(Source records)
----------
(* Claimwise stability does not imply ex-post stability or fractional stability: there exist a set $N$ of $n$ agents and a set $O$ of $n$ objects with strict preferences $\succ_i$ over $O$ ($i\in N$) and strict priorities $\succ_o$ over $N$ ($o\in O$), and a random matching $p$, such that $p$ is claimwise stable but neither ex-post stable nor fractionally stable.
   Context: A random matching is an $n\times n$ bistochastic matrix $p=[p(i,o)]_{i\in N,o\in O}$ (nonnegative entries, every row and every column summing to $1$); it is deterministic if all entries lie in $\{0,1\}$. A deterministic matching $p$ is stable if there exist no $i,j\in N$, $o,o'\in O$ with $p(i,o')=1$, $p(j,o)=1$, $o\succ_i o'$, $i\succ_o j$. A random matching is ex-post stable if it can be written as $\sum_{j=1}^k\lambda_jP_j$ with each $P_j$ a stable deterministic matching, $\lambda_j\in(0,1]$, $\sum_j\lambda_j=1$. It is fractionally stable if for every $(i,o)\in N\times O$, $\sum_{o':o'\succ_i o}p(i,o')\ge\sum_{j:i\succ_o j}p(j,o)$. It is claimwise stable if for every $(i,o)\in N\times O$ and every $j\in N$ with $i\succ_o j$, $\sum_{o':o'\succ_i o}p(i,o')\ge p(j,o)$. *)

theory Defs
  imports Complex_Main
begin

definition strict_order_on :: "'a set \<Rightarrow> ('a \<Rightarrow> 'a \<Rightarrow> bool) \<Rightarrow> bool" where
  "strict_order_on A R \<longleftrightarrow>
     (\<forall>x\<in>A. \<not> R x x) \<and>
     (\<forall>x\<in>A. \<forall>y\<in>A. \<forall>z\<in>A. R x y \<longrightarrow> R y z \<longrightarrow> R x z) \<and>
     (\<forall>x\<in>A. \<forall>y\<in>A. x \<noteq> y \<longrightarrow> R x y \<or> R y x)"

text \<open>pref i b b' : b \<succ>_i b' ;  prio b i j : i \<succ>_b j.\<close>
definition market :: "'n set \<Rightarrow> 'b set \<Rightarrow> ('n \<Rightarrow> 'b \<Rightarrow> 'b \<Rightarrow> bool) \<Rightarrow> ('b \<Rightarrow> 'n \<Rightarrow> 'n \<Rightarrow> bool) \<Rightarrow> bool" where
  "market N Obj pref prio \<longleftrightarrow> finite N \<and> finite Obj \<and> card N = card Obj \<and>
     (\<forall>i\<in>N. strict_order_on Obj (pref i)) \<and> (\<forall>b\<in>Obj. strict_order_on N (prio b))"

definition random_matching :: "'n set \<Rightarrow> 'b set \<Rightarrow> ('n \<Rightarrow> 'b \<Rightarrow> real) \<Rightarrow> bool" where
  "random_matching N Obj p \<longleftrightarrow>
     (\<forall>i\<in>N. \<forall>b\<in>Obj. p i b \<ge> 0) \<and>
     (\<forall>i\<in>N. (\<Sum>b\<in>Obj. p i b) = 1) \<and>
     (\<forall>b\<in>Obj. (\<Sum>i\<in>N. p i b) = 1)"

definition deterministic :: "'n set \<Rightarrow> 'b set \<Rightarrow> ('n \<Rightarrow> 'b \<Rightarrow> real) \<Rightarrow> bool" where
  "deterministic N Obj p \<longleftrightarrow> random_matching N Obj p \<and> (\<forall>i\<in>N. \<forall>b\<in>Obj. p i b = 0 \<or> p i b = 1)"

definition stable_det :: "'n set \<Rightarrow> 'b set \<Rightarrow> ('n \<Rightarrow> 'b \<Rightarrow> 'b \<Rightarrow> bool) \<Rightarrow> ('b \<Rightarrow> 'n \<Rightarrow> 'n \<Rightarrow> bool)
     \<Rightarrow> ('n \<Rightarrow> 'b \<Rightarrow> real) \<Rightarrow> bool" where
  "stable_det N Obj pref prio P \<longleftrightarrow> deterministic N Obj P \<and>
     \<not> (\<exists>i\<in>N. \<exists>j\<in>N. \<exists>b\<in>Obj. \<exists>b'\<in>Obj. P i b' = 1 \<and> P j b = 1 \<and> pref i b b' \<and> prio b i j)"

definition ex_post_stable :: "'n set \<Rightarrow> 'b set \<Rightarrow> ('n \<Rightarrow> 'b \<Rightarrow> 'b \<Rightarrow> bool) \<Rightarrow> ('b \<Rightarrow> 'n \<Rightarrow> 'n \<Rightarrow> bool)
     \<Rightarrow> ('n \<Rightarrow> 'b \<Rightarrow> real) \<Rightarrow> bool" where
  "ex_post_stable N Obj pref prio p \<longleftrightarrow>
     (\<exists>(k::nat) (lam::nat \<Rightarrow> real) (Ps::nat \<Rightarrow> 'n \<Rightarrow> 'b \<Rightarrow> real).
        k \<ge> 1 \<and>
        (\<forall>j\<in>{1..k}. stable_det N Obj pref prio (Ps j) \<and> 0 < lam j \<and> lam j \<le> 1) \<and>
        (\<Sum>j=1..k. lam j) = 1 \<and>
        (\<forall>i\<in>N. \<forall>b\<in>Obj. p i b = (\<Sum>j=1..k. lam j * Ps j i b)))"

definition fractionally_stable :: "'n set \<Rightarrow> 'b set \<Rightarrow> ('n \<Rightarrow> 'b \<Rightarrow> 'b \<Rightarrow> bool) \<Rightarrow> ('b \<Rightarrow> 'n \<Rightarrow> 'n \<Rightarrow> bool)
     \<Rightarrow> ('n \<Rightarrow> 'b \<Rightarrow> real) \<Rightarrow> bool" where
  "fractionally_stable N Obj pref prio p \<longleftrightarrow>
     (\<forall>i\<in>N. \<forall>b\<in>Obj. (\<Sum>b'\<in>{b'\<in>Obj. pref i b' b}. p i b') \<ge> (\<Sum>j\<in>{j\<in>N. prio b i j}. p j b))"

definition claimwise_stable :: "'n set \<Rightarrow> 'b set \<Rightarrow> ('n \<Rightarrow> 'b \<Rightarrow> 'b \<Rightarrow> bool) \<Rightarrow> ('b \<Rightarrow> 'n \<Rightarrow> 'n \<Rightarrow> bool)
     \<Rightarrow> ('n \<Rightarrow> 'b \<Rightarrow> real) \<Rightarrow> bool" where
  "claimwise_stable N Obj pref prio p \<longleftrightarrow>
     (\<forall>i\<in>N. \<forall>b\<in>Obj. \<forall>j\<in>N. prio b i j \<longrightarrow> (\<Sum>b'\<in>{b'\<in>Obj. pref i b' b}. p i b') \<ge> p j b)"

end

theory Submission
  imports Defs
begin

text \<open>In a stable deterministic matching, if some agent j that i outranks at b holds b, then i
  holds an object it prefers to b (otherwise i and b would block); so the fractional stability
  inequality at (i, b) reads 1 \<le> 1 or 0 \<le> something. Fractional stability is a family of linear
  inequalities and therefore survives convex combinations, so every ex-post stable matching is
  fractionally stable. It remains to give a claimwise stable random matching violating one of
  these inequalities.\<close>

lemma deterministic_obtain_object:
  assumes "deterministic N Obj P" and "i \<in> N"
  obtains b where "b \<in> Obj" and "P i b = 1"
proof -
  have zero_one: "\<forall>b\<in>Obj. P i b = 0 \<or> P i b = 1" and row: "(\<Sum>b\<in>Obj. P i b) = 1"
    using assms by (auto simp: deterministic_def random_matching_def)
  have "\<exists>b\<in>Obj. P i b = 1"
  proof (rule ccontr)
    assume "\<not> ?thesis"
    then have "(\<Sum>b\<in>Obj. P i b) = 0" by (intro sum.neutral) (use zero_one in blast)
    with row show False by simp
  qed
  with that show thesis by blast
qed

lemma deterministic_column_sum_le_1:
  assumes "deterministic N Obj P" and "finite N" and "b \<in> Obj" and "A \<subseteq> N"
  shows "(\<Sum>j\<in>A. P j b) \<le> 1"
proof -
  have "(\<Sum>j\<in>A. P j b) \<le> (\<Sum>j\<in>N. P j b)"
    using assms by (intro sum_mono2) (auto simp: deterministic_def random_matching_def)
  also have "\<dots> = 1" using assms by (simp add: deterministic_def random_matching_def)
  finally show ?thesis .
qed

lemma deterministic_column_unique:
  assumes "deterministic N Obj P" and "finite N" and "b \<in> Obj"
    and "i \<in> N" and "j \<in> N" and "i \<noteq> j" and "P j b = 1"
  shows "P i b \<noteq> 1"
proof
  assume "P i b = 1"
  moreover have "(\<Sum>x\<in>{i, j}. P x b) \<le> 1"
    using assms by (intro deterministic_column_sum_le_1) auto
  ultimately show False using assms by simp
qed

lemma stable_det_imp_fractionally_stable:
  assumes market: "market N Obj pref prio" and stable: "stable_det N Obj pref prio P"
  shows "fractionally_stable N Obj pref prio P"
  unfolding fractionally_stable_def
proof (intro ballI)
  fix i b assume i: "i \<in> N" and b: "b \<in> Obj"
  have det: "deterministic N Obj P"
    and no_block: "\<not> (\<exists>i\<in>N. \<exists>j\<in>N. \<exists>b\<in>Obj. \<exists>b'\<in>Obj. P i b' = 1 \<and> P j b = 1 \<and> pref i b b' \<and> prio b i j)"
    using stable by (simp_all add: stable_det_def)
  have fin: "finite N" "finite Obj" and pref_order: "strict_order_on Obj (pref i)"
    and prio_order: "strict_order_on N (prio b)"
    using market i b by (simp_all add: market_def)
  have nonneg: "\<And>x y. x \<in> N \<Longrightarrow> y \<in> Obj \<Longrightarrow> 0 \<le> P x y"
    using det by (simp add: deterministic_def random_matching_def)
  show "(\<Sum>j\<in>{j\<in>N. prio b i j}. P j b) \<le> (\<Sum>b'\<in>{b'\<in>Obj. pref i b' b}. P i b')"
  proof (cases "\<exists>j\<in>N. prio b i j \<and> P j b = 1")
    case False
    with det b have "(\<Sum>j\<in>{j\<in>N. prio b i j}. P j b) = 0"
      by (intro sum.neutral) (auto simp: deterministic_def)
    moreover have "0 \<le> (\<Sum>b'\<in>{b'\<in>Obj. pref i b' b}. P i b')"
      using nonneg i by (intro sum_nonneg) auto
    ultimately show ?thesis by simp
  next
    case True
    then obtain j where j: "j \<in> N" "prio b i j" "P j b = 1" by blast
    have "i \<noteq> j" using prio_order j i unfolding strict_order_on_def by blast
    obtain b' where b': "b' \<in> Obj" "P i b' = 1"
      using deterministic_obtain_object[OF det i] .
    have "b' \<noteq> b"
      using deterministic_column_unique[OF det fin(1) b i j(1) \<open>i \<noteq> j\<close> j(3)] b' by auto
    moreover have "\<not> pref i b b'" using no_block i j b b' by blast
    ultimately have "pref i b' b"
      using pref_order b b' unfolding strict_order_on_def by blast
    have "(\<Sum>j\<in>{j\<in>N. prio b i j}. P j b) \<le> 1"
      using det fin(1) b by (rule deterministic_column_sum_le_1) auto
    also have "1 = P i b'" using b' by simp
    also have "\<dots> \<le> (\<Sum>b'\<in>{b'\<in>Obj. pref i b' b}. P i b')"
      using nonneg i b' \<open>pref i b' b\<close> fin(2) by (intro member_le_sum) auto
    finally show ?thesis .
  qed
qed

lemma fractionally_stable_convex_combination:
  assumes stable: "\<And>t. t \<in> T \<Longrightarrow> fractionally_stable N Obj pref prio (Ps t)"
    and nonneg: "\<And>t. t \<in> T \<Longrightarrow> 0 \<le> lam t"
    and p: "\<And>i b. i \<in> N \<Longrightarrow> b \<in> Obj \<Longrightarrow> p i b = (\<Sum>t\<in>T. lam t * Ps t i b)"
  shows "fractionally_stable N Obj pref prio p"
  unfolding fractionally_stable_def
proof (intro ballI)
  fix i b assume i: "i \<in> N" and b: "b \<in> Obj"
  have "(\<Sum>j\<in>{j\<in>N. prio b i j}. p j b) = (\<Sum>t\<in>T. lam t * (\<Sum>j\<in>{j\<in>N. prio b i j}. Ps t j b))"
    using p b by (simp add: sum_distrib_left sum.swap[of _ T])
  also have "\<dots> \<le> (\<Sum>t\<in>T. lam t * (\<Sum>b'\<in>{b'\<in>Obj. pref i b' b}. Ps t i b'))"
    using stable nonneg i b by (intro sum_mono mult_left_mono) (auto simp: fractionally_stable_def)
  also have "\<dots> = (\<Sum>b'\<in>{b'\<in>Obj. pref i b' b}. p i b')"
    using p i by (simp add: sum_distrib_left sum.swap[of _ T])
  finally show "(\<Sum>j\<in>{j\<in>N. prio b i j}. p j b) \<le> (\<Sum>b'\<in>{b'\<in>Obj. pref i b' b}. p i b')" .
qed

lemma ex_post_stable_imp_fractionally_stable:
  assumes "market N Obj pref prio" and "ex_post_stable N Obj pref prio p"
  shows "fractionally_stable N Obj pref prio p"
proof -
  obtain k lam and Ps :: "nat \<Rightarrow> 'a \<Rightarrow> 'b \<Rightarrow> real"
    where stable: "\<forall>t\<in>{1..k}. stable_det N Obj pref prio (Ps t) \<and> 0 < lam t \<and> lam t \<le> 1"
      and p: "\<forall>i\<in>N. \<forall>b\<in>Obj. p i b = (\<Sum>t=1..k. lam t * Ps t i b)"
    using assms(2) unfolding ex_post_stable_def by (elim exE conjE) blast
  show ?thesis
  proof (rule fractionally_stable_convex_combination[where T = "{1..k}" and lam = lam and Ps = Ps])
    fix t assume "t \<in> {1..k}"
    with stable show "fractionally_stable N Obj pref prio (Ps t)" and "0 \<le> lam t"
      using stable_det_imp_fractionally_stable[OF assms(1)] by (auto intro: less_imp_le)
  next
    fix i b assume "i \<in> N" and "b \<in> Obj"
    with p show "p i b = (\<Sum>t\<in>{1..k}. lam t * Ps t i b)" by simp
  qed
qed

text \<open>The counterexample has three agents and three objects, 0, 1, 2. Agents 0 and 1 rank the
  objects 0 \<succ> 1 \<succ> 2, agent 2 ranks them 2 \<succ> 1 \<succ> 0; objects 0 and 1 rank the agents
  2 \<succ> 0 \<succ> 1, object 2 ranks them 0 \<succ> 1 \<succ> 2. Preferences are encoded by rank functions
  (smaller rank is better).\<close>

definition example_pref_rank :: "nat \<Rightarrow> nat \<Rightarrow> nat" where
  "example_pref_rank i b = (if i = 2 then 2 - b else b)"

definition example_prio_rank :: "nat \<Rightarrow> nat \<Rightarrow> nat" where
  "example_prio_rank b i = (if b = 2 then i else if i = 2 then 0 else i + 1)"

definition example_pref :: "nat \<Rightarrow> nat \<Rightarrow> nat \<Rightarrow> bool" where
  "example_pref i b b' \<longleftrightarrow> example_pref_rank i b < example_pref_rank i b'"

definition example_prio :: "nat \<Rightarrow> nat \<Rightarrow> nat \<Rightarrow> bool" where
  "example_prio b i j \<longleftrightarrow> example_prio_rank b i < example_prio_rank b j"

definition example_matching :: "nat \<Rightarrow> nat \<Rightarrow> real" where
  "example_matching i b =
     (if i = 0 then (if b = 0 then 2/3 else if b = 1 then 1/3 else 0)
      else if i = 1 then (if b = 0 then 0 else if b = 1 then 1/3 else 2/3)
      else 1/3)"

abbreviation example_agents :: "nat set" where
  "example_agents \<equiv> {0, 1, 2}"

lemma sum_filter_three:
  "(\<Sum>x\<in>{x\<in>{0, 1, 2::nat}. P x}. f x) =
     (if P 0 then f 0 else 0) + (if P 1 then f 1 else 0) + (if P 2 then f 2 else 0)"
  by (subst sum.inter_filter) (simp_all add: add.assoc)

lemma ball_three: "(\<forall>x\<in>{0, 1, 2::nat}. Q x) \<longleftrightarrow> Q 0 \<and> Q 1 \<and> Q 2"
  by auto

lemma example_market: "market example_agents example_agents example_pref example_prio"
  unfolding market_def strict_order_on_def ball_three
  by (simp add: example_pref_def example_prio_def example_pref_rank_def example_prio_rank_def)

lemma example_random_matching: "random_matching example_agents example_agents example_matching"
  unfolding random_matching_def ball_three by (simp add: example_matching_def)

lemma example_claimwise_stable:
  "claimwise_stable example_agents example_agents example_pref example_prio example_matching"
  unfolding claimwise_stable_def ball_three sum_filter_three
  by (simp add: example_matching_def example_pref_def example_prio_def
      example_pref_rank_def example_prio_rank_def)

text \<open>Agent 2 receives only 1/3 of what it prefers to object 1, while agents 0 and 1, both
  outranked by 2 at object 1, together hold 2/3 of it.\<close>

lemma example_not_fractionally_stable:
  "\<not> fractionally_stable example_agents example_agents example_pref example_prio example_matching"
proof -
  have "(\<Sum>b'\<in>{b'\<in>example_agents. example_pref 2 b' 1}. example_matching 2 b') = 1/3"
    unfolding sum_filter_three
    by (simp add: example_matching_def example_pref_def example_pref_rank_def)
  moreover have "(\<Sum>j\<in>{j\<in>example_agents. example_prio 1 2 j}. example_matching j 1) = 2/3"
    unfolding sum_filter_three
    by (simp add: example_matching_def example_prio_def example_prio_rank_def)
  ultimately show ?thesis unfolding fractionally_stable_def by force
qed

theorem proposition10:
  shows "\<exists>(N::nat set) (Obj::nat set) (pref::nat \<Rightarrow> nat \<Rightarrow> nat \<Rightarrow> bool) (prio::nat \<Rightarrow> nat \<Rightarrow> nat \<Rightarrow> bool)
           (p::nat \<Rightarrow> nat \<Rightarrow> real).
           market N Obj pref prio \<and> random_matching N Obj p \<and>
           claimwise_stable N Obj pref prio p \<and>
           \<not> ex_post_stable N Obj pref prio p \<and>
           \<not> fractionally_stable N Obj pref prio p"
  using example_market example_random_matching example_claimwise_stable
    example_not_fractionally_stable ex_post_stable_imp_fractionally_stable[OF example_market]
  by blast

end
----------
_Your objective_
All lines that contain the word "every" must be copied from the records above.

_Task solution_
   Context: A random matching is an $n\times n$ bistochastic matrix $p=[p(i,o)]_{i\in N,o\in O}$ (nonnegative entries, every row and every column summing to $1$); it is deterministic if all entries lie in $\{0,1\}$. A deterministic matching $p$ is stable if there exist no $i,j\in N$, $o,o'\in O$ with $p(i,o')=1$, $p(j,o)=1$, $o\succ_i o'$, $i\succ_o j$. A random matching is ex-post stable if it can be written as $\sum_{j=1}^k\lambda_jP_j$ with each $P_j$ a stable deterministic matching, $\lambda_j\in(0,1]$, $\sum_j\lambda_j=1$. It is fractionally stable if for every $(i,o)\in N\times O$, $\sum_{o':o'\succ_i o}p(i,o')\ge\sum_{j:i\succ_o j}p(j,o)$. It is claimwise stable if for every $(i,o)\in N\times O$ and every $j\in N$ with $i\succ_o j$, $\sum_{o':o'\succ_i o}p(i,o')\ge p(j,o)$. *)
  inequalities and therefore survives convex combinations, so every ex-post stable matching is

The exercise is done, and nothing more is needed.